Participant vs non-participant results

Reducing Medical Spending

Although many employers are interested in helping their employees become healthier, the reality is these efforts have to help reduce medical costs or increase productivity so these efforts are sustainable. Since, to date, few employers have data on productivity, the analysis then is focused on reducing medical spending. The correct analysis depends on the size of your population and the targeted audience, but a general analysis to determine if those engaged are costing less than persons who have similar risk on your plan would look something like the analysis below.
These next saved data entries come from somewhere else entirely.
(* The approximate loss of the pseudo-network is convex with respect to the trainable parameters; consequently, for all $t\in[T]$, for any parameters $\theta^*$ and any training set $\mathcal X$ of points $x$ with $\|x\|_2\le\frac12$, $$\tilde L(\nabla g^{(t)},\mathcal X)-\tilde L(\nabla g^*,\mathcal X)\le\big\langle\nabla_\theta\tilde L(\nabla g^{(t)},\mathcal X),\ \theta^{(t)}-\theta^*\big\rangle,$$ where $g^{(t)}$ and $g^*$ denote the pseudo-network models with parameters $\theta^{(t)}$ and $\theta^*$ respectively.
   Context: UNF pseudo-network setting. For $\|x_{1:i}\|_2\le1$, $\hat x_{1:i}=(x_1,\dots,x_i,\sqrt{1-\|x_{1:i}\|_2^2})$. $\sigma'(u)=\mathbf 1\{u\ge0\}$; $\phi(u)=e^u$ ($u<0$), $u+1$ ($u\ge0$). Fixed initial parameters $a_{i,r}\in\mathbb{R}$, $\bar w_{i,r}\in\mathbb{R}^{i+1}$, $\bar b_{i,r}\in\mathbb{R}$ ($i\in[d],r\in[m]$); parameters $\theta=(\theta_1,\dots,\theta_d)$, $\theta_i=(w_{i,r},b_{i,r})_{r\in[m]}$. Pseudo-network $P(x_{1:i};\theta_i)=\sum_ra_{i,r}\sigma'(\langle\bar w_{i,r},\hat x_{1:i}\rangle+\bar b_{i,r})(\langle\bar w_{i,r}+w_{i,r},\hat x_{1:i}\rangle+\bar b_{i,r}+b_{i,r})$ and $\frac{\partial g_i}{\partial x_i}(x_{1:i})=\phi(P(x_{1:i};\theta_i))$. Quadrature with $Q$ points: $\Delta_{x_i}=(x_i+1)/Q$, $q^{(j)}_i=(x_1,\dots,x_{i-1},-1+j\Delta_{x_i})$. Approximate loss $\tilde L(\nabla g,x)=\sum_{i=1}^d\big(\sum_{j=1}^Q\Delta_{x_i}\phi(P(q^{(j)}_i;\theta_i))-\log\phi(P(x_{1:i};\theta_i))\big)$ and $\tilde L(\nabla g,\mathcal X)=\frac1{|\mathcal X|}\sum_{x\in\mathcal X}\tilde L(\nabla g,x)$. $\theta^{(t)}$, $t\in[T]$, is any sequence of parameters (in the paper, SGD iterates). *)

theory Defs
  imports "HOL-Analysis.Analysis"
begin

text \<open>Points x are functions nat => real; only the coordinates x 1, ..., x d matter.
  Parameters: w_{i,r} in R^{i+1} is represented by W i r k (k = 1..i+1),
  b_{i,r} by B i r. The fixed initialisation is a i r, wbar i r k, bbar i r.\<close>

definition xhat :: "(nat \<Rightarrow> real) \<Rightarrow> nat \<Rightarrow> nat \<Rightarrow> real" where
  "xhat x i k = (if k \<le> i then x k else sqrt (1 - (\<Sum>l=1..i. (x l)^2)))"

definition sigma' :: "real \<Rightarrow> real" where
  "sigma' u = (if u \<ge> 0 then 1 else 0)"

definition phi :: "real \<Rightarrow> real" where
  "phi u = (if u < 0 then exp u else u + 1)"

definition P :: "nat \<Rightarrow> (nat \<Rightarrow> nat \<Rightarrow> real) \<Rightarrow> (nat \<Rightarrow> nat \<Rightarrow> nat \<Rightarrow> real) \<Rightarrow> (nat \<Rightarrow> nat \<Rightarrow> real)
    \<Rightarrow> (nat \<Rightarrow> nat \<Rightarrow> nat \<Rightarrow> real) \<Rightarrow> (nat \<Rightarrow> nat \<Rightarrow> real) \<Rightarrow> nat \<Rightarrow> (nat \<Rightarrow> real) \<Rightarrow> real" where
  "P m a wbar bbar W B i x =
     (\<Sum>r=1..m. a i r
        * sigma' ((\<Sum>k=1..i+1. wbar i r k * xhat x i k) + bbar i r)
        * ((\<Sum>k=1..i+1. (wbar i r k + W i r k) * xhat x i k) + bbar i r + B i r))"

definition qpt :: "nat \<Rightarrow> (nat \<Rightarrow> real) \<Rightarrow> nat \<Rightarrow> nat \<Rightarrow> nat \<Rightarrow> real" where
  "qpt Q x i j = x(i := -1 + real j * ((x i + 1) / real Q))"

definition Lpt :: "nat \<Rightarrow> nat \<Rightarrow> nat \<Rightarrow> (nat \<Rightarrow> nat \<Rightarrow> real) \<Rightarrow> (nat \<Rightarrow> nat \<Rightarrow> nat \<Rightarrow> real) \<Rightarrow> (nat \<Rightarrow> nat \<Rightarrow> real)
    \<Rightarrow> (nat \<Rightarrow> nat \<Rightarrow> nat \<Rightarrow> real) \<Rightarrow> (nat \<Rightarrow> nat \<Rightarrow> real) \<Rightarrow> (nat \<Rightarrow> real) \<Rightarrow> real" where
  "Lpt d m Q a wbar bbar W B x =
     (\<Sum>i=1..d. (\<Sum>j=1..Q. ((x i + 1) / real Q) * phi (P m a wbar bbar W B i (qpt Q x i j)))
               - ln (phi (P m a wbar bbar W B i x)))"

definition Lset :: "nat \<Rightarrow> nat \<Rightarrow> nat \<Rightarrow> (nat \<Rightarrow> nat \<Rightarrow> real) \<Rightarrow> (nat \<Rightarrow> nat \<Rightarrow> nat \<Rightarrow> real) \<Rightarrow> (nat \<Rightarrow> nat \<Rightarrow> real)
    \<Rightarrow> (nat \<Rightarrow> nat \<Rightarrow> nat \<Rightarrow> real) \<Rightarrow> (nat \<Rightarrow> nat \<Rightarrow> real) \<Rightarrow> (nat \<Rightarrow> real) set \<Rightarrow> real" where
  "Lset d m Q a wbar bbar W B X = (1 / real (card X)) * (\<Sum>x\<in>X. Lpt d m Q a wbar bbar W B x)"

definition dW :: "((nat \<Rightarrow> nat \<Rightarrow> nat \<Rightarrow> real) \<Rightarrow> (nat \<Rightarrow> nat \<Rightarrow> real) \<Rightarrow> real)
    \<Rightarrow> (nat \<Rightarrow> nat \<Rightarrow> nat \<Rightarrow> real) \<Rightarrow> (nat \<Rightarrow> nat \<Rightarrow> real) \<Rightarrow> nat \<Rightarrow> nat \<Rightarrow> nat \<Rightarrow> real" where
  "dW L W B i r k = deriv (\<lambda>s. L (W(i := (W i)(r := (W i r)(k := s))))  B) (W i r k)"

definition dB :: "((nat \<Rightarrow> nat \<Rightarrow> nat \<Rightarrow> real) \<Rightarrow> (nat \<Rightarrow> nat \<Rightarrow> real) \<Rightarrow> real)
    \<Rightarrow> (nat \<Rightarrow> nat \<Rightarrow> nat \<Rightarrow> real) \<Rightarrow> (nat \<Rightarrow> nat \<Rightarrow> real) \<Rightarrow> nat \<Rightarrow> nat \<Rightarrow> real" where
  "dB L W B i r = deriv (\<lambda>s. L W (B(i := (B i)(r := s)))) (B i r)"

definition grad_inner :: "nat \<Rightarrow> nat \<Rightarrow> ((nat \<Rightarrow> nat \<Rightarrow> nat \<Rightarrow> real) \<Rightarrow> (nat \<Rightarrow> nat \<Rightarrow> real) \<Rightarrow> real)
    \<Rightarrow> (nat \<Rightarrow> nat \<Rightarrow> nat \<Rightarrow> real) \<Rightarrow> (nat \<Rightarrow> nat \<Rightarrow> real)
    \<Rightarrow> (nat \<Rightarrow> nat \<Rightarrow> nat \<Rightarrow> real) \<Rightarrow> (nat \<Rightarrow> nat \<Rightarrow> real) \<Rightarrow> real" where
  "grad_inner d m L W B W' B' =
     (\<Sum>i=1..d. \<Sum>r=1..m.
        (\<Sum>k=1..i+1. dW L W B i r k * (W i r k - W' i r k)) + dB L W B i r * (B i r - B' i r))"

end

theory Submission
  imports Defs
begin

text \<open>For each unit \<open>i\<close> the pseudo-network output \<open>P(x_1..x_i; \<theta>_i)\<close> is affine in the
  trainable parameters, and both \<open>\<phi>\<close> and \<open>-log \<phi>\<close> are convex and continuously differentiable
  (\<open>-log \<phi>\<close> equals \<open>-u\<close> for \<open>u < 0\<close> and \<open>-log (u + 1)\<close> for \<open>u \<ge> 0\<close>). When \<open>\<parallel>x\<parallel> \<le> 1/2\<close>
  the quadrature weights \<open>(x_i + 1)/Q\<close> are non-negative, so the approximate loss is a
  non-negative combination of convex differentiable functions of affine maps. Every such term
  satisfies the first-order inequality \<open>L \<theta> - L \<theta>' \<le> \<langle>\<nabla>L \<theta>, \<theta> - \<theta>'\<rangle>\<close> (its graph lies above
  its tangents), and the inequality survives sums and non-negative scalings because partial
  derivatives are linear. Convexity in turn follows from the first-order inequality: the
  right-hand side is affine in \<open>\<theta>'\<close>, so the tangent bounds at a convex combination of two
  points average to zero.\<close>

type_synonym weights = "nat \<Rightarrow> nat \<Rightarrow> nat \<Rightarrow> real"
type_synonym biases = "nat \<Rightarrow> nat \<Rightarrow> real"

definition phi' :: "real \<Rightarrow> real" where
  "phi' u = (if u < 0 then exp u else 1)"

lemma phi_pos: "0 < phi u"
  by (simp add: phi_def)

lemma phi_has_derivative: "(phi has_real_derivative phi' u) (at u)"
proof -
  have "((\<lambda>x. if x \<in> {..<0} then exp x else x + 1) has_vector_derivative
      (if u \<in> {..<0} then exp u else 1)) (at u within UNIV)"
    by (rule has_vector_derivative_If_within_closures[where T = "{0..}"])
      (auto simp flip: has_real_derivative_iff_has_vector_derivative intro!: derivative_eq_intros)
  then show ?thesis
    unfolding has_real_derivative_iff_has_vector_derivative phi_def[abs_def] phi'_def
    by (simp add: if_distrib[of "\<lambda>D. (_ has_vector_derivative D) _"])
qed

lemma convex_on_phi: "convex_on UNIV phi"
  by (rule convex_on_realI[OF _ phi_has_derivative]) (auto simp: phi'_def)

lemma phi'_div_phi: "phi' u / phi u = (if u < 0 then 1 else 1 / (u + 1))"
  by (simp add: phi_def phi'_def)

lemma neg_ln_phi_has_derivative:
  "((\<lambda>u. - ln (phi u)) has_real_derivative - (phi' u / phi u)) (at u)"
  by (auto intro!: derivative_eq_intros phi_has_derivative phi_pos simp: field_simps)

lemma convex_on_neg_ln_phi: "convex_on UNIV (\<lambda>u. - ln (phi u))"
  by (rule convex_on_realI[OF _ neg_ln_phi_has_derivative]) (auto simp: phi'_div_phi field_simps)

definition param_inner :: "nat \<Rightarrow> nat \<Rightarrow> weights \<Rightarrow> biases \<Rightarrow> weights \<Rightarrow> biases \<Rightarrow> real" where
  "param_inner d m F H U V = (\<Sum>i=1..d. \<Sum>r=1..m. (\<Sum>k=1..i+1. F i r k * U i r k) + H i r * V i r)"

lemma grad_inner_eq_param_inner:
  "grad_inner d m L W B W' B' =
     param_inner d m (dW L W B) (dB L W B) (\<lambda>i r k. W i r k - W' i r k) (\<lambda>i r. B i r - B' i r)"
  by (simp add: grad_inner_def param_inner_def)

lemma param_inner_add_left:
  "param_inner d m (\<lambda>i r k. F1 i r k + F2 i r k) (\<lambda>i r. H1 i r + H2 i r) U V
     = param_inner d m F1 H1 U V + param_inner d m F2 H2 U V"
  by (simp add: param_inner_def sum.distrib algebra_simps)

lemma param_inner_scale_left:
  "param_inner d m (\<lambda>i r k. c * F i r k) (\<lambda>i r. c * H i r) U V = c * param_inner d m F H U V"
  by (simp add: param_inner_def sum_distrib_left algebra_simps)

lemma param_inner_restrict_left:
  "param_inner d m (\<lambda>i r k. if i \<in> {1..d} \<and> r \<in> {1..m} \<and> k \<in> {1..i+1} then F i r k else 0)
                   (\<lambda>i r. if i \<in> {1..d} \<and> r \<in> {1..m} then H i r else 0) U V
   = param_inner d m F H U V"
  unfolding param_inner_def by (intro sum.cong refl) auto

lemma param_inner_diff_right:
  "param_inner d m F H (\<lambda>i r k. U i r k - U' i r k) (\<lambda>i r. V i r - V' i r)
     = param_inner d m F H U V - param_inner d m F H U' V'"
  by (simp add: param_inner_def algebra_simps sum_subtractf sum.distrib)

lemma param_inner_update_W:
  "param_inner d m F H (W(i := (W i)(r := (W i r)(k := s)))) B
     = param_inner d m F H W B
       + (if i \<in> {1..d} \<and> r \<in> {1..m} \<and> k \<in> {1..i+1} then F i r k else 0) * (s - W i r k)"
proof -
  let ?W' = "W(i := (W i)(r := (W i r)(k := s)))"
  have "param_inner d m F H ?W' B - param_inner d m F H W B
     = (\<Sum>i'=1..d. \<Sum>r'=1..m. \<Sum>k'=1..i'+1. F i' r' k' * (?W' i' r' k' - W i' r' k'))"
    by (simp only: param_inner_def sum_subtractf[symmetric] right_diff_distrib[symmetric]
        add_diff_add diff_self add_0_right)
  also have "\<dots> = (\<Sum>i'=1..d. if i' = i then \<Sum>r'=1..m. if r' = r then
                     \<Sum>k'=1..i'+1. if k' = k then F i r k * (s - W i r k) else 0 else 0 else 0)"
    by (intro sum.cong refl) (auto intro!: sum.cong sum.neutral simp del: sum.delta)
  also have "\<dots> = (if i \<in> {1..d} \<and> r \<in> {1..m} \<and> k \<in> {1..i+1} then F i r k else 0) * (s - W i r k)"
    by simp
  finally show ?thesis
    by (simp add: algebra_simps)
qed

lemma param_inner_update_B:
  "param_inner d m F H W (B(i := (B i)(r := s)))
     = param_inner d m F H W B + (if i \<in> {1..d} \<and> r \<in> {1..m} then H i r else 0) * (s - B i r)"
proof -
  let ?B' = "B(i := (B i)(r := s))"
  have "param_inner d m F H W ?B' - param_inner d m F H W B
     = (\<Sum>i'=1..d. \<Sum>r'=1..m. H i' r' * (?B' i' r' - B i' r'))"
    by (simp only: param_inner_def sum_subtractf[symmetric] right_diff_distrib[symmetric]
        add_diff_add diff_self add_0_left)
  also have "\<dots> = (\<Sum>i'=1..d. if i' = i then \<Sum>r'=1..m. if r' = r then H i r * (s - B i r) else 0 else 0)"
    by (intro sum.cong refl) (auto intro!: sum.cong sum.neutral simp del: sum.delta)
  also have "\<dots> = (if i \<in> {1..d} \<and> r \<in> {1..m} then H i r else 0) * (s - B i r)"
    by simp
  finally show ?thesis
    by (simp add: algebra_simps)
qed

definition coordinatewise_differentiable :: "(weights \<Rightarrow> biases \<Rightarrow> real) \<Rightarrow> bool" where
  "coordinatewise_differentiable L \<longleftrightarrow>
     (\<forall>W B i r k. (\<lambda>s. L (W(i := (W i)(r := (W i r)(k := s)))) B) field_differentiable at (W i r k)) \<and>
     (\<forall>W B i r. (\<lambda>s. L W (B(i := (B i)(r := s)))) field_differentiable at (B i r))"

text \<open>Differentiability is part of the notion because \<^const>\<open>dW\<close> and \<^const>\<open>dB\<close> are defined
  with \<^const>\<open>deriv\<close>, which is linear only on differentiable functions.\<close>

definition first_order_convex :: "nat \<Rightarrow> nat \<Rightarrow> (weights \<Rightarrow> biases \<Rightarrow> real) \<Rightarrow> bool" where
  "first_order_convex d m L \<longleftrightarrow> coordinatewise_differentiable L \<and>
     (\<forall>W B W' B'. L W B - L W' B' \<le> grad_inner d m L W B W' B')"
participant engagement chart

If your program is targeted specifically on a disease state, then the impact on the cost to care for that disease state may be more appropriate. In the example below, the employer instituted a program to help asthmatics, and therefore, the analysis is related to the total cost to care for asthma comparing the year prior to the program to the year of the program. In this analysis, the impact is very clear.

Impact of Program on Cost for all ID-Asthma

The employer anticipated first year savings due to high emergency room (ER) utilization for persons with asthma and the report proved that along with ER utilization declining, the total cost of care for asthma significantly declined.

Summary

In summary, having a clear understanding of the expectation and desired outcomes and monitoring that impact throughout the year, we believe, drives better outcomes. When we first started analyzing outcomes of programs, the impact of many programs were far less impressive than vendor reports would allow us to believe. That false sense of security is not because they were trying to falsify information, but the reports did not provide enough detail to fully illustrate the impact. Most vendor partners don’t have access to all of the data to provide a full analysis and others will only show what makes them look good. But, if you identify the impact you need in order to achieve success, all parties involved focus on that priority and continually work to improve that impact. We believe that wellness programs can have an impact on a population culture, health and cost of care if appropriately managed.